Lockheed Martin Corporation Debuts a Moon-To-Earth Communication Satellite Network
In our previous space technology news, we learned about the solution for continuous power supply on the Moon for lunar explorations.
Yet another big problem is the lack of reliable communication if humans have to remain on the Moon for an extended time.
An American aerospace company, Lockheed Martin Corporation, believes they can provide a reliable connection to astronauts to stay in touch during their lunar missions.
The company built a spinoff similar to a crescent-like shape (lunar in its first quarter called the sickle Moon) and a Moon-to-Earth satellite communication network in the project’s initial phase.

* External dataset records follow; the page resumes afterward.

(* Let $t$ be a positive integer and $w$ an integer with $\lceil (t+1)/2\rceil\le w\le t$. Then $$ma_t(w)\ge \frac{w}{2t}+\frac{\lfloor (t-1)/2\rfloor}{2t}.$$
   Context: A voter matrix with $t$ topics is a matrix $V\in\{Y,N\}^{n\times t}$ for some positive integer $n$ (rows are voters), subject to the standing assumption that in every column the number of entries $Y$ is at least the number of entries $N$. $\mathcal{V}_t$ is the set of all voter matrices with $t$ topics and any number of voters. A proposal is a vector $p\in\{Y,N\}^t$. A voter $v$ supports $p$ if the Hamming distance between $v$ and $p$ is at most $t/2$; $p$ is supported by $V$ if at least $n/2$ rows of $V$ support $p$. $md_V$ is the maximum number of entries $Y$ of a proposal supported by $V$. $m_V$ denotes the fraction of entries $Y$ among all $nt$ entries of $V$. For an integer $w$ with $\lceil (t+1)/2\rceil\le w\le t$, $ma_t(w)$ is the supremum of $m_V$ over all $V\in\mathcal{V}_t$ with $md_V<w$, with the convention that $ma_t(w)=\frac12$ if no such $V$ exists. *)

theory Defs
  imports Complex_Main
begin

text \<open>A voter matrix with t topics and n voters is represented by V :: nat => nat => bool,
  V i j = True meaning entry Y for voter i (i < n) and topic j (j < t); only entries with
  i < n, j < t are relevant. A proposal is p :: nat => bool (only j < t relevant).\<close>

definition voter_matrix :: "nat \<Rightarrow> nat \<Rightarrow> (nat \<Rightarrow> nat \<Rightarrow> bool) \<Rightarrow> bool" where
  "voter_matrix t n V \<longleftrightarrow> 0 < n \<and>
     (\<forall>j<t. card {i. i < n \<and> \<not> V i j} \<le> card {i. i < n \<and> V i j})"

definition hamming :: "nat \<Rightarrow> (nat \<Rightarrow> bool) \<Rightarrow> (nat \<Rightarrow> bool) \<Rightarrow> nat" where
  "hamming t v p = card {j. j < t \<and> v j \<noteq> p j}"

definition supports :: "nat \<Rightarrow> (nat \<Rightarrow> bool) \<Rightarrow> (nat \<Rightarrow> bool) \<Rightarrow> bool" where
  "supports t v p \<longleftrightarrow> real (hamming t v p) \<le> real t / 2"

definition supported :: "nat \<Rightarrow> nat \<Rightarrow> (nat \<Rightarrow> nat \<Rightarrow> bool) \<Rightarrow> (nat \<Rightarrow> bool) \<Rightarrow> bool" where
  "supported t n V p \<longleftrightarrow> real (card {i. i < n \<and> supports t (V i) p}) \<ge> real n / 2"

definition num_yes :: "nat \<Rightarrow> (nat \<Rightarrow> bool) \<Rightarrow> nat" where
  "num_yes t p = card {j. j < t \<and> p j}"

definition md :: "nat \<Rightarrow> nat \<Rightarrow> (nat \<Rightarrow> nat \<Rightarrow> bool) \<Rightarrow> nat" where
  "md t n V = Max {num_yes t p | p. supported t n V p}"

definition mfrac :: "nat \<Rightarrow> nat \<Rightarrow> (nat \<Rightarrow> nat \<Rightarrow> bool) \<Rightarrow> real" where
  "mfrac t n V = real (card {(i, j). i < n \<and> j < t \<and> V i j}) / (real n * real t)"

definition ma :: "nat \<Rightarrow> nat \<Rightarrow> real" where
  "ma t w = (let S = {mfrac t n V | n V. voter_matrix t n V \<and> md t n V < w}
             in if S = {} then 1/2 else Sup S)"

end

theory Submission
  imports Defs "HOL-Real_Asymp.Real_Asymp"
begin

text \<open>Write \<open>w = a + \<lfloor>t/2\<rfloor> + 1\<close>; the bound is \<open>(a + t)/(2t)\<close>. For \<open>a = 0\<close> it is \<open>1/2\<close>, which
  every voter matrix attains since each column has a majority of entries Y. For \<open>a \<ge> 1\<close> take
  \<open>2m + 1\<close> voters: \<open>t\<close> of them approve exactly one topic each (one per topic), \<open>m + 1 - t\<close>
  approve exactly the first \<open>a\<close> topics, and \<open>m\<close> approve everything. The first \<open>m + 1\<close> voters form
  a strict majority and approve at most \<open>a\<close> topics each, so any supported proposal is within
  Hamming distance \<open>\<lfloor>t/2\<rfloor>\<close> of one of them and has fewer than \<open>w\<close> entries Y. The fraction of
  entries Y tends to \<open>(a + t)/(2t)\<close> as \<open>m \<rightarrow> \<infinity>\<close>.\<close>

lemma finite_yes_entries: "finite {(i, j). i < (n::nat) \<and> j < (t::nat) \<and> V i j}"
  by (rule finite_subset[of _ "{..<n} \<times> {..<t}"]) auto

lemma card_yes_entries_le: "card {(i, j). i < n \<and> j < t \<and> V i j} \<le> n * t"
proof -
  have "card {(i, j). i < n \<and> j < t \<and> V i j} \<le> card ({..<n} \<times> {..<t})"
    by (rule card_mono) auto
  then show ?thesis
    by (simp add: card_cartesian_product)
qed

lemma card_yes_entries_eq_sum_columns:
  fixes n t :: nat
  shows "card {(i, j). i < n \<and> j < t \<and> V i j} = (\<Sum>j<t. card {i. i < n \<and> V i j})"
proof -
  have "{(i, j). i < n \<and> j < t \<and> V i j} = prod.swap ` (SIGMA j:{..<t}. {i. i < n \<and> V i j})"
    by auto
  then have "card {(i, j). i < n \<and> j < t \<and> V i j} = card (SIGMA j:{..<t}. {i. i < n \<and> V i j})"
    by (simp add: card_image)
  also have "\<dots> = (\<Sum>j<t. card {i. i < n \<and> V i j})"
    by (rule card_SigmaI) auto
  finally show ?thesis .
qed

lemma mfrac_le_1: "mfrac t n V \<le> 1"
  using card_yes_entries_le[of n t V]
  by (cases "n * t = 0") (auto simp: mfrac_def divide_le_eq simp flip: of_nat_mult)

lemma mfrac_ge_half:
  assumes "voter_matrix t n V" and "0 < t"
  shows "1/2 \<le> mfrac t n V"
proof -
  have "0 < n"
    using assms(1) by (simp add: voter_matrix_def)
  have column: "n \<le> 2 * card {i. i < n \<and> V i j}" if "j < t" for j
  proof -
    have "card {i. i < n \<and> V i j} + card {i. i < n \<and> \<not> V i j}
        = card ({i. i < n \<and> V i j} \<union> {i. i < n \<and> \<not> V i j})"
      by (rule card_Un_disjoint[symmetric]) auto
    also have "{i. i < n \<and> V i j} \<union> {i. i < n \<and> \<not> V i j} = {..<n}"
      by auto
    finally show ?thesis
      using assms(1) that by (auto simp: voter_matrix_def)
  qed
  have "t * n \<le> 2 * card {(i, j). i < n \<and> j < t \<and> V i j}"
    using sum_mono[of "{..<t}" "\<lambda>_. n" "\<lambda>j. 2 * card {i. i < n \<and> V i j}"] column
    by (simp add: card_yes_entries_eq_sum_columns sum_distrib_left)
  then have "real t * real n \<le> 2 * real (card {(i, j). i < n \<and> j < t \<and> V i j})"
    by (metis of_nat_le_iff of_nat_mult of_nat_numeral)
  then show ?thesis
    using \<open>0 < n\<close> \<open>0 < t\<close> by (simp add: mfrac_def le_divide_eq mult.commute)
qed

lemma mfrac_le_ma:
  assumes "voter_matrix t n V" and "md t n V < w"
  shows "mfrac t n V \<le> ma t w"
proof -
  define S where "S = {mfrac t n V | n V. voter_matrix t n V \<and> md t n V < w}"
  have "mfrac t n V \<in> S"
    using assms unfolding S_def by blast
  moreover have "bdd_above S"
    unfolding S_def by (rule bdd_aboveI[of _ 1]) (auto simp: mfrac_le_1)
  ultimately show ?thesis
    by (auto simp: ma_def S_def[symmetric] intro: cSup_upper)
qed

lemma ma_ge_half:
  assumes "0 < t"
  shows "1/2 \<le> ma t w"
proof (cases "\<exists>n V. voter_matrix t n V \<and> md t n V < w")
  case True
  then obtain n V where "voter_matrix t n V" "md t n V < w"
    by blast
  then show ?thesis
    using mfrac_ge_half[OF _ assms] mfrac_le_ma by (meson order.trans)
qed (simp add: ma_def)

lemma num_yes_le_add_hamming: "num_yes t p \<le> num_yes t v + hamming t v p"
proof -
  have "num_yes t p \<le> card ({j. j < t \<and> v j} \<union> {j. j < t \<and> v j \<noteq> p j})"
    unfolding num_yes_def by (rule card_mono) auto
  also have "\<dots> \<le> num_yes t v + hamming t v p"
    unfolding num_yes_def hamming_def by (rule card_Un_le)
  finally show ?thesis .
qed

lemma supports_iff_hamming_le: "supports t v p \<longleftrightarrow> hamming t v p \<le> t div 2"
  unfolding supports_def by linarith

lemma md_le_if_majority_bounded:
  assumes majority: "n < 2 * card {i. i < n \<and> num_yes t (V i) \<le> b}"
    and "b \<le> t div 2" \<comment> \<open>makes the all-N proposal supported, so \<open>md\<close> is a Max over a nonempty set\<close>
  shows "md t n V \<le> b + t div 2"
proof -
  let ?B = "{i. i < n \<and> num_yes t (V i) \<le> b}"
  have "supports t (V i) (\<lambda>_. False)" if "i \<in> ?B" for i
    using that \<open>b \<le> t div 2\<close>
    by (simp add: supports_iff_hamming_le hamming_def num_yes_def)
  then have "card ?B \<le> card {i. i < n \<and> supports t (V i) (\<lambda>_. False)}"
    by (intro card_mono) auto
  then have "supported t n V (\<lambda>_. False)"
    using majority by (simp add: supported_def)
  moreover have "num_yes t p \<le> b + t div 2" if "supported t n V p" for p
  proof -
    let ?A = "{i. i < n \<and> supports t (V i) p}"
    have "?A \<inter> ?B \<noteq> {}"
    proof
      assume "?A \<inter> ?B = {}"
      then have "card ?A + card ?B = card (?A \<union> ?B)"
        by (simp add: card_Un_disjoint)
      also have "\<dots> \<le> n"
        using card_mono[of "{..<n}" "?A \<union> ?B"] by auto
      finally show False
        using that majority by (simp add: supported_def)
    qed
    then obtain i where "supports t (V i) p" "num_yes t (V i) \<le> b"
      by blast
    then show ?thesis
      using num_yes_le_add_hamming[of t p "V i"] by (simp add: supports_iff_hamming_le)
  qed
  moreover have "finite {num_yes t p | p. supported t n V p}"
  proof (rule finite_subset[of _ "{..t}"])
    show "{num_yes t p | p. supported t n V p} \<subseteq> {..t}"
      using card_mono[of "{..<t}" "{j. j < t \<and> p j}" for p] by (auto simp: num_yes_def)
  qed simp
  ultimately show ?thesis
    unfolding md_def by (subst Max_le_iff) auto
qed

definition witness_matrix :: "nat \<Rightarrow> nat \<Rightarrow> nat \<Rightarrow> nat \<Rightarrow> nat \<Rightarrow> bool" where
  "witness_matrix t a m i j \<longleftrightarrow> (if i < t then j = i else if i \<le> m then j < a else True)"

lemma voter_matrix_witness_matrix:
  assumes "t \<le> m"
  shows "voter_matrix t (2 * m + 1) (witness_matrix t a m)"
  unfolding voter_matrix_def
proof (intro conjI allI impI)
  fix j assume "j < t"
  have "card {i. i < 2 * m + 1 \<and> \<not> witness_matrix t a m i j} \<le> card ({..m} - {j})"
    using \<open>j < t\<close> assms by (intro card_mono) (auto simp: witness_matrix_def)
  also have "\<dots> = card (insert j {m + 1..<2 * m + 1}) - 1"
    using \<open>j < t\<close> assms by simp
  also have "\<dots> \<le> card {i. i < 2 * m + 1 \<and> witness_matrix t a m i j}"
    using \<open>j < t\<close> assms by (intro diff_le_self[THEN order.trans] card_mono) (auto simp: witness_matrix_def)
  finally show "card {i. i < 2 * m + 1 \<and> \<not> witness_matrix t a m i j}
      \<le> card {i. i < 2 * m + 1 \<and> witness_matrix t a m i j}" .
qed simp

lemma num_yes_witness_matrix_le:
  assumes "1 \<le> a" and "i \<le> m"
  shows "num_yes t (witness_matrix t a m i) \<le> a"
proof (cases "i < t")
  case True
  then have "num_yes t (witness_matrix t a m i) \<le> card {i}"
    unfolding num_yes_def by (intro card_mono) (auto simp: witness_matrix_def)
  then show ?thesis
    using assms(1) by simp
next
  case False
  then have "num_yes t (witness_matrix t a m i) \<le> card {..<a}"
    unfolding num_yes_def using assms(2) by (intro card_mono) (auto simp: witness_matrix_def)
  then show ?thesis
    by simp
qed

lemma md_witness_matrix_le:
  assumes "1 \<le> a" and "a \<le> t div 2"
  shows "md t (2 * m + 1) (witness_matrix t a m) \<le> a + t div 2"
proof (rule md_le_if_majority_bounded[OF _ assms(2)])
  have "card {..m} \<le> card {i. i < 2 * m + 1 \<and> num_yes t (witness_matrix t a m i) \<le> a}"
    using num_yes_witness_matrix_le[OF assms(1)] by (intro card_mono) auto
  then show "2 * m + 1 < 2 * card {i. i < 2 * m + 1 \<and> num_yes t (witness_matrix t a m i) \<le> a}"
    by simp
qed

lemma card_yes_entries_witness_matrix_ge:
  assumes "t \<le> m" and "a \<le> t"
  shows "m * t + (m + 1 - t) * a
    \<le> card {(i, j). i < 2 * m + 1 \<and> j < t \<and> witness_matrix t a m i j}"
proof -
  have "m * t + (m + 1 - t) * a = card ({m + 1..<2 * m + 1} \<times> {..<t} \<union> {t..m} \<times> {..<a})"
    by (subst card_Un_disjoint) (auto simp: card_cartesian_product)
  also have "\<dots> \<le> card {(i, j). i < 2 * m + 1 \<and> j < t \<and> witness_matrix t a m i j}"
    using assms by (intro card_mono finite_yes_entries) (auto simp: witness_matrix_def)
  finally show ?thesis .
qed

lemma mfrac_witness_matrix_ge:
  assumes "0 < t" and "t \<le> m" and "a \<le> t"
  shows "(real m * t + (real m + 1 - t) * a) / ((2 * real m + 1) * t)
    \<le> mfrac t (2 * m + 1) (witness_matrix t a m)"
proof -
  have "real m * t + (real m + 1 - t) * a = real (m * t + (m + 1 - t) * a)"
    using assms(2) by (simp add: of_nat_diff)
  also have "\<dots> \<le> card {(i, j). i < 2 * m + 1 \<and> j < t \<and> witness_matrix t a m i j}"
    using card_yes_entries_witness_matrix_ge[OF assms(2,3)] by linarith
  finally have yes_entries: "real m * t + (real m + 1 - t) * a
      \<le> card {(i, j). i < 2 * m + 1 \<and> j < t \<and> witness_matrix t a m i j}" .
  have denominator: "real (2 * m + 1) * real t = (2 * real m + 1) * t"
    by simp
  show ?thesis
    unfolding mfrac_def denominator by (rule divide_right_mono[OF yes_entries]) simp
qed

lemma ma_ge_witness_density:
  assumes "0 < t" and "1 \<le> a" and "a \<le> t div 2" and "a + t div 2 < w"
  shows "(real a + t) / (2 * t) \<le> ma t w"
proof (rule LIMSEQ_le_const2)
  show "(\<lambda>m. (real m * t + (real m + 1 - t) * a) / ((2 * real m + 1) * t)) \<longlonglongrightarrow> (real a + t) / (2 * t)"
    using assms(1) by real_asymp (simp add: field_simps)
  have "(real m * t + (real m + 1 - t) * a) / ((2 * real m + 1) * t) \<le> ma t w" if "t \<le> m" for m
  proof -
    have "md t (2 * m + 1) (witness_matrix t a m) < w"
      using md_witness_matrix_le[OF assms(2,3)] assms(4) by (meson le_less_trans)
    then have "mfrac t (2 * m + 1) (witness_matrix t a m) \<le> ma t w"
      using mfrac_le_ma voter_matrix_witness_matrix[OF that] by blast
    moreover have "a \<le> t"
      using assms(3) by simp
    ultimately show ?thesis
      using mfrac_witness_matrix_ge[OF assms(1) that \<open>a \<le> t\<close>] by linarith
  qed
  then show "\<exists>N. \<forall>m\<ge>N. (real m * t + (real m + 1 - t) * a) / ((2 * real m + 1) * t) \<le> ma t w"
    by blast
qed

theorem lemma5p9:
  fixes t w :: nat
  assumes "0 < t"
    and "\<lceil>(real t + 1) / 2\<rceil> \<le> int w"
    and "w \<le> t"
  shows "ma t w \<ge> real w / (2 * real t) + real_of_int \<lfloor>(real t - 1) / 2\<rfloor> / (2 * real t)"
proof -
  define k where "k = t div 2"
  have "t = 2 * k \<or> t = 2 * k + 1"
    unfolding k_def by linarith
  then have parity: "real t = 2 * real k \<or> real t = 2 * real k + 1"
    by auto
  have "\<lceil>(real t + 1) / 2\<rceil> = int k + 1"
    by (rule ceiling_unique) (use parity in auto)
  then have "k < w"
    using assms(2) by linarith
  define a where "a = w - k - 1"
  have "\<lfloor>(real t - 1) / 2\<rfloor> = int t - int k - 1"
    by (rule floor_unique) (use parity assms(1) in auto)
  then have bound: "real w / (2 * real t) + real_of_int \<lfloor>(real t - 1) / 2\<rfloor> / (2 * real t)
      = (real a + t) / (2 * t)"
    using \<open>k < w\<close> assms(1) by (simp add: a_def field_simps of_nat_diff)
  show ?thesis
  proof (cases "a = 0")
    case True
    then show ?thesis
      unfolding bound using ma_ge_half[OF assms(1)] assms(1) by simp
  next
    case False
    then have "a \<le> t div 2" "a + t div 2 < w"
      using \<open>k < w\<close> assms(3) parity unfolding a_def k_def by linarith+
    with False show ?thesis
      unfolding bound by (intro ma_ge_witness_density[OF assms(1)]) auto
  qed
qed

end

The project, Parsec, uses a constellation of small lunar satellites to provide constant communication and navigation support between astronauts, their equipment, and people on Earth.
This technology enables astronauts to non-stop communicate with people back home, assist them with spacecraft course changes, and provide them with their precise position and direction back to base, which operates as the Moon’s version of GPS.
Crescent’s first Parsec nodes will be operational by 2025, and Lockheed Martin will supply the satellites. According to its CEO, Joe Landon, the company is well positioned to support and assist NASA’s Artemis Moon landings and other exploratory missions.
There is already an ongoing race of lunar tourism between the US and China, as well as private projects like SpaceX’s lunar exploration mission.
Therefore, this project will benefit Lockheed Martin without interfering with its current operations.